• About this exercise: Set down again exactly the lines of the listing below that fall between the line holding "int) \<Rightarrow> tm" and the line holding "pdvd p (tval", inclusive.

########################################

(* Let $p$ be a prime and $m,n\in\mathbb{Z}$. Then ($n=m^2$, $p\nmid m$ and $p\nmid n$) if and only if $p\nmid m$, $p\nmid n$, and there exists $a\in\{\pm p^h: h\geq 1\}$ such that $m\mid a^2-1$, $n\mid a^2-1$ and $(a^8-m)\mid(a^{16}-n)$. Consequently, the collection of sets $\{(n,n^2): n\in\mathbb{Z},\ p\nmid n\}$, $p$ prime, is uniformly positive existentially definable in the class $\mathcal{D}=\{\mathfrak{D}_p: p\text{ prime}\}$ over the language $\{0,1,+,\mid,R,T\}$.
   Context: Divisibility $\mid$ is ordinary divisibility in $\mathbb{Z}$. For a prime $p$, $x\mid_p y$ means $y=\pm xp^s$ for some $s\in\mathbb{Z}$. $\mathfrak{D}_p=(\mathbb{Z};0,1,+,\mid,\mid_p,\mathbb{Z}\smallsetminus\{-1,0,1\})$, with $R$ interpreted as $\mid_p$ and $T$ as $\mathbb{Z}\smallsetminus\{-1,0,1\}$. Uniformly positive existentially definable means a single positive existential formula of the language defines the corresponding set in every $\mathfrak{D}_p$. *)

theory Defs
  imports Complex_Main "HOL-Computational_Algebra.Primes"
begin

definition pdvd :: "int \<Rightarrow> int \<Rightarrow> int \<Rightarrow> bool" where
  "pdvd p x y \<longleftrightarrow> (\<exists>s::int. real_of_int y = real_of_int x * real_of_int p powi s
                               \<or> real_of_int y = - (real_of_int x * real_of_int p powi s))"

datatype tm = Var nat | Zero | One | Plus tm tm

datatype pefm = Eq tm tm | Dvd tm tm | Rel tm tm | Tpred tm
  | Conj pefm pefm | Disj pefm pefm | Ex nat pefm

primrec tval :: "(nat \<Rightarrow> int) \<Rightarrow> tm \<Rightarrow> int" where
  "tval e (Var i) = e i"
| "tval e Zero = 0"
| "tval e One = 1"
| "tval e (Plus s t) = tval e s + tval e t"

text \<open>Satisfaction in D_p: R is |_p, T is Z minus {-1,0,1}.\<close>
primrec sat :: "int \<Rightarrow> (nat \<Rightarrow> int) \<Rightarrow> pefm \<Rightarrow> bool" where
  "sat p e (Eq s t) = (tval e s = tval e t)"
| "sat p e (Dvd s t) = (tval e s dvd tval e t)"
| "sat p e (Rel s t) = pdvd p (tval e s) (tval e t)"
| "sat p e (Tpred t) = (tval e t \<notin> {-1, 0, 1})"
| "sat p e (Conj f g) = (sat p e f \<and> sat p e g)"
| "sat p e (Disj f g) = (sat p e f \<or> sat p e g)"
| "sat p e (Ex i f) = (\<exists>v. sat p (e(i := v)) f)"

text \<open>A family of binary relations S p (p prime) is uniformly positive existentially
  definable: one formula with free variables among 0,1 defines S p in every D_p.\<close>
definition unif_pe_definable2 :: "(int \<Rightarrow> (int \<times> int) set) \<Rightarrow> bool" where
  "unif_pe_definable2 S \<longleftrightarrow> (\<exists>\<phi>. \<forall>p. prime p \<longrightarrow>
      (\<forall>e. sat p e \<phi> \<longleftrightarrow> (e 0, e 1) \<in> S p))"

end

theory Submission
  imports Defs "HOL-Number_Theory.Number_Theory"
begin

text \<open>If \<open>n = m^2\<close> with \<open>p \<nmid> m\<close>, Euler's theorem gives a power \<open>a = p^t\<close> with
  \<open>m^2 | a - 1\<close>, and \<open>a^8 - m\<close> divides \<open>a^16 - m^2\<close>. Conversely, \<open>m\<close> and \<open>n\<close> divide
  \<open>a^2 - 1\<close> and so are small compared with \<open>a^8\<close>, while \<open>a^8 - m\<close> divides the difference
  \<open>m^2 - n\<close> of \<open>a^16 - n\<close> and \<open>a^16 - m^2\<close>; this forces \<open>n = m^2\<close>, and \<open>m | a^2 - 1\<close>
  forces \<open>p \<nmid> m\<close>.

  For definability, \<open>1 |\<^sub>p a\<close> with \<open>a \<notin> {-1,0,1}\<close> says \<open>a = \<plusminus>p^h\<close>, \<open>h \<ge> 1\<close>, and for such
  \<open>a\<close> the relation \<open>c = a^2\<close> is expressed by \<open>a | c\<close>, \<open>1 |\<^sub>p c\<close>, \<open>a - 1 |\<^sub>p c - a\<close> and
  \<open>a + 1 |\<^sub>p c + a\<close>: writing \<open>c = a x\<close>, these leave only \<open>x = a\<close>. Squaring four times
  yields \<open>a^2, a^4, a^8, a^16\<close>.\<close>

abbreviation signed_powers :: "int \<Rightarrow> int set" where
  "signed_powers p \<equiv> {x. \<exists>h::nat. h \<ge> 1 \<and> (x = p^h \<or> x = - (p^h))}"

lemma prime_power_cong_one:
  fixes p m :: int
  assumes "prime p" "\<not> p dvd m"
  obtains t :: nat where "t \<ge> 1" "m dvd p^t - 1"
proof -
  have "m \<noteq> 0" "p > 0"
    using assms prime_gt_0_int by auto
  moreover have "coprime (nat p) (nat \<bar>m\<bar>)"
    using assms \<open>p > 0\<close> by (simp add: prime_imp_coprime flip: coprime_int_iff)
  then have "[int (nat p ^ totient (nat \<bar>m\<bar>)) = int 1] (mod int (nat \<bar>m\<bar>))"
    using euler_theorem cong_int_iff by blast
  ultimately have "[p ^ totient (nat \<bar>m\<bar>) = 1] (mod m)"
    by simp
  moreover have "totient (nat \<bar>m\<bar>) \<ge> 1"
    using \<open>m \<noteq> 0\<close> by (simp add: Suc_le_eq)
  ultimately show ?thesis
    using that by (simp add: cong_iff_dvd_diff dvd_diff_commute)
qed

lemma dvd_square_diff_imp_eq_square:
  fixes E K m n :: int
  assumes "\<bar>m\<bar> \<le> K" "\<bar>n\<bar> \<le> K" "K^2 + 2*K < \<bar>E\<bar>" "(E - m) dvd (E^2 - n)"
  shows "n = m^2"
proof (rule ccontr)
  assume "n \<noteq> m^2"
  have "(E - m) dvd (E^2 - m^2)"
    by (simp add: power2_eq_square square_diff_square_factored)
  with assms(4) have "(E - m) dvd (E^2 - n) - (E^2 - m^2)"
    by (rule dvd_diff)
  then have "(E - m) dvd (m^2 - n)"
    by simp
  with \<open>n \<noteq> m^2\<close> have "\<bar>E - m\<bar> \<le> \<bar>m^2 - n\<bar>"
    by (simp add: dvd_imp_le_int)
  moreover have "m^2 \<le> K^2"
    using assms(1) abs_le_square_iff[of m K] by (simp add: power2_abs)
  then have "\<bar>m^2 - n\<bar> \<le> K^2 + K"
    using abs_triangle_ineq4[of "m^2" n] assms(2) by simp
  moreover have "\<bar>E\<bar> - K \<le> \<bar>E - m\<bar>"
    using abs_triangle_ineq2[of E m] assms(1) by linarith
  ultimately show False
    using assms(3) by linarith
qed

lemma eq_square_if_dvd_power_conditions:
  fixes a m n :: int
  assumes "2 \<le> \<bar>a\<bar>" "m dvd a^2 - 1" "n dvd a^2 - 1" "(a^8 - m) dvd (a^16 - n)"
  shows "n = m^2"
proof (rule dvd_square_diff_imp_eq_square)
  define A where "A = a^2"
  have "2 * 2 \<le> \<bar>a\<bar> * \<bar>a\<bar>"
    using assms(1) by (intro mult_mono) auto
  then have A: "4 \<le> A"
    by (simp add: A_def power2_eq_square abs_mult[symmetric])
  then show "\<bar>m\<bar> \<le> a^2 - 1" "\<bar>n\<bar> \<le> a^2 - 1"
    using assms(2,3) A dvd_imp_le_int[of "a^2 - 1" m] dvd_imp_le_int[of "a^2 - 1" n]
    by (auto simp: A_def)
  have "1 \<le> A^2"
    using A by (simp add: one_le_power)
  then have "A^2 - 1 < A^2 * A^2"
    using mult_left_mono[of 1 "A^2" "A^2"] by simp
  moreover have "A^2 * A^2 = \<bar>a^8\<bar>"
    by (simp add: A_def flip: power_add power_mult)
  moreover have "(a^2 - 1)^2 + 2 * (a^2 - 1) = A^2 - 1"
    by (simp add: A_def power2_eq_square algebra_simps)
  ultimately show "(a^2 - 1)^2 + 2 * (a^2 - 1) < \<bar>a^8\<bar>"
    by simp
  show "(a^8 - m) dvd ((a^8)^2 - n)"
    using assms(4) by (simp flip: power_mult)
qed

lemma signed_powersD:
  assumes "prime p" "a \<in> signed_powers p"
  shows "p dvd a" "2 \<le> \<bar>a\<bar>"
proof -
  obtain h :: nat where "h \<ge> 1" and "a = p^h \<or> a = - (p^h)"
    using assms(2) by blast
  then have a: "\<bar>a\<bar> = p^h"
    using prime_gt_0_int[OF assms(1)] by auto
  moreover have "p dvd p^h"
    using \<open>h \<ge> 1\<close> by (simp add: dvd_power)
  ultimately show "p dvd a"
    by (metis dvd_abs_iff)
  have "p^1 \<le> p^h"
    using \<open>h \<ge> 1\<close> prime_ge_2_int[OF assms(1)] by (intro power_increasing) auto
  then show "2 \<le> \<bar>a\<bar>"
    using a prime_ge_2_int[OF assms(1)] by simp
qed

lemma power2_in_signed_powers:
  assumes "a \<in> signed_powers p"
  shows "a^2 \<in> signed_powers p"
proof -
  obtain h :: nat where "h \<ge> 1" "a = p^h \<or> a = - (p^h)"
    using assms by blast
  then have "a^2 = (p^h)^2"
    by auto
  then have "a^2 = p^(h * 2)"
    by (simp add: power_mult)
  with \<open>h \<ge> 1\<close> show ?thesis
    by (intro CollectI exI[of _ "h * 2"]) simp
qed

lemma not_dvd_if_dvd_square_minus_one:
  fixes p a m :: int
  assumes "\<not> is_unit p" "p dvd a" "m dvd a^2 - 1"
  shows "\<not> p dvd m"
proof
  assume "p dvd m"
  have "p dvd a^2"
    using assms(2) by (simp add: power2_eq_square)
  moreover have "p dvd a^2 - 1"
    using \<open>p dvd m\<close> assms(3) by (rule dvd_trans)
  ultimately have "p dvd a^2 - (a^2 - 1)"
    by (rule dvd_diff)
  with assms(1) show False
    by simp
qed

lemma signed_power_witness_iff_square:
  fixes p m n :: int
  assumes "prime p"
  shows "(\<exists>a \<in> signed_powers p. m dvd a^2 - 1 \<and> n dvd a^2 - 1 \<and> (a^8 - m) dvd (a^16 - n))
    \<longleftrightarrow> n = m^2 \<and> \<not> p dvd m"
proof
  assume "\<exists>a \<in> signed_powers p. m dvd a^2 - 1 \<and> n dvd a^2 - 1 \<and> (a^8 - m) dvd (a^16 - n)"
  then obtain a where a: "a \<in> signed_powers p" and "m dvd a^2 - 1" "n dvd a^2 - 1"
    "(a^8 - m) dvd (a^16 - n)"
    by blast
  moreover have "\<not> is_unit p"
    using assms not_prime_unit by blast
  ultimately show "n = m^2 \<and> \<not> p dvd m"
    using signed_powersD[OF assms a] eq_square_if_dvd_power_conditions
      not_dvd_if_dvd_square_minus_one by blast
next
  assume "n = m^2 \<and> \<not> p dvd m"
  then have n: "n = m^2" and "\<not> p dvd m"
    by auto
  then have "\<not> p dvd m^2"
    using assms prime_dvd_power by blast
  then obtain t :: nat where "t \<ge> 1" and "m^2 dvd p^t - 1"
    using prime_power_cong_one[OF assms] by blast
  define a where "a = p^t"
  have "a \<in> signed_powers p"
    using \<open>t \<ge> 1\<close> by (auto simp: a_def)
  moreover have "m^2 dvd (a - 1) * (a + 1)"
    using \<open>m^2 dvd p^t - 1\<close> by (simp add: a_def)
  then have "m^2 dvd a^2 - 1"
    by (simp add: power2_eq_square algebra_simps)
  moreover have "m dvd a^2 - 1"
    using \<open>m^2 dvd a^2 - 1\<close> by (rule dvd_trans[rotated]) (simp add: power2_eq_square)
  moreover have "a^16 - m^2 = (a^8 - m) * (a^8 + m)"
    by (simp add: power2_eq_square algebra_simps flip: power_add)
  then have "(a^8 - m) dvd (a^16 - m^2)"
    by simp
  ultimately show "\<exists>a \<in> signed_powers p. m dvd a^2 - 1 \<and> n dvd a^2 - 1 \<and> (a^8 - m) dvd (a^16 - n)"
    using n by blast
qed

########################################

• Exercise output:
primrec tval :: "(nat \<Rightarrow> int) \<Rightarrow> tm \<Rightarrow> int" where
  "tval e (Var i) = e i"
| "tval e Zero = 0"
| "tval e One = 1"
| "tval e (Plus s t) = tval e s + tval e t"

text \<open>Satisfaction in D_p: R is |_p, T is Z minus {-1,0,1}.\<close>
primrec sat :: "int \<Rightarrow> (nat \<Rightarrow> int) \<Rightarrow> pefm \<Rightarrow> bool" where
  "sat p e (Eq s t) = (tval e s = tval e t)"
| "sat p e (Dvd s t) = (tval e s dvd tval e t)"
| "sat p e (Rel s t) = pdvd p (tval e s) (tval e t)"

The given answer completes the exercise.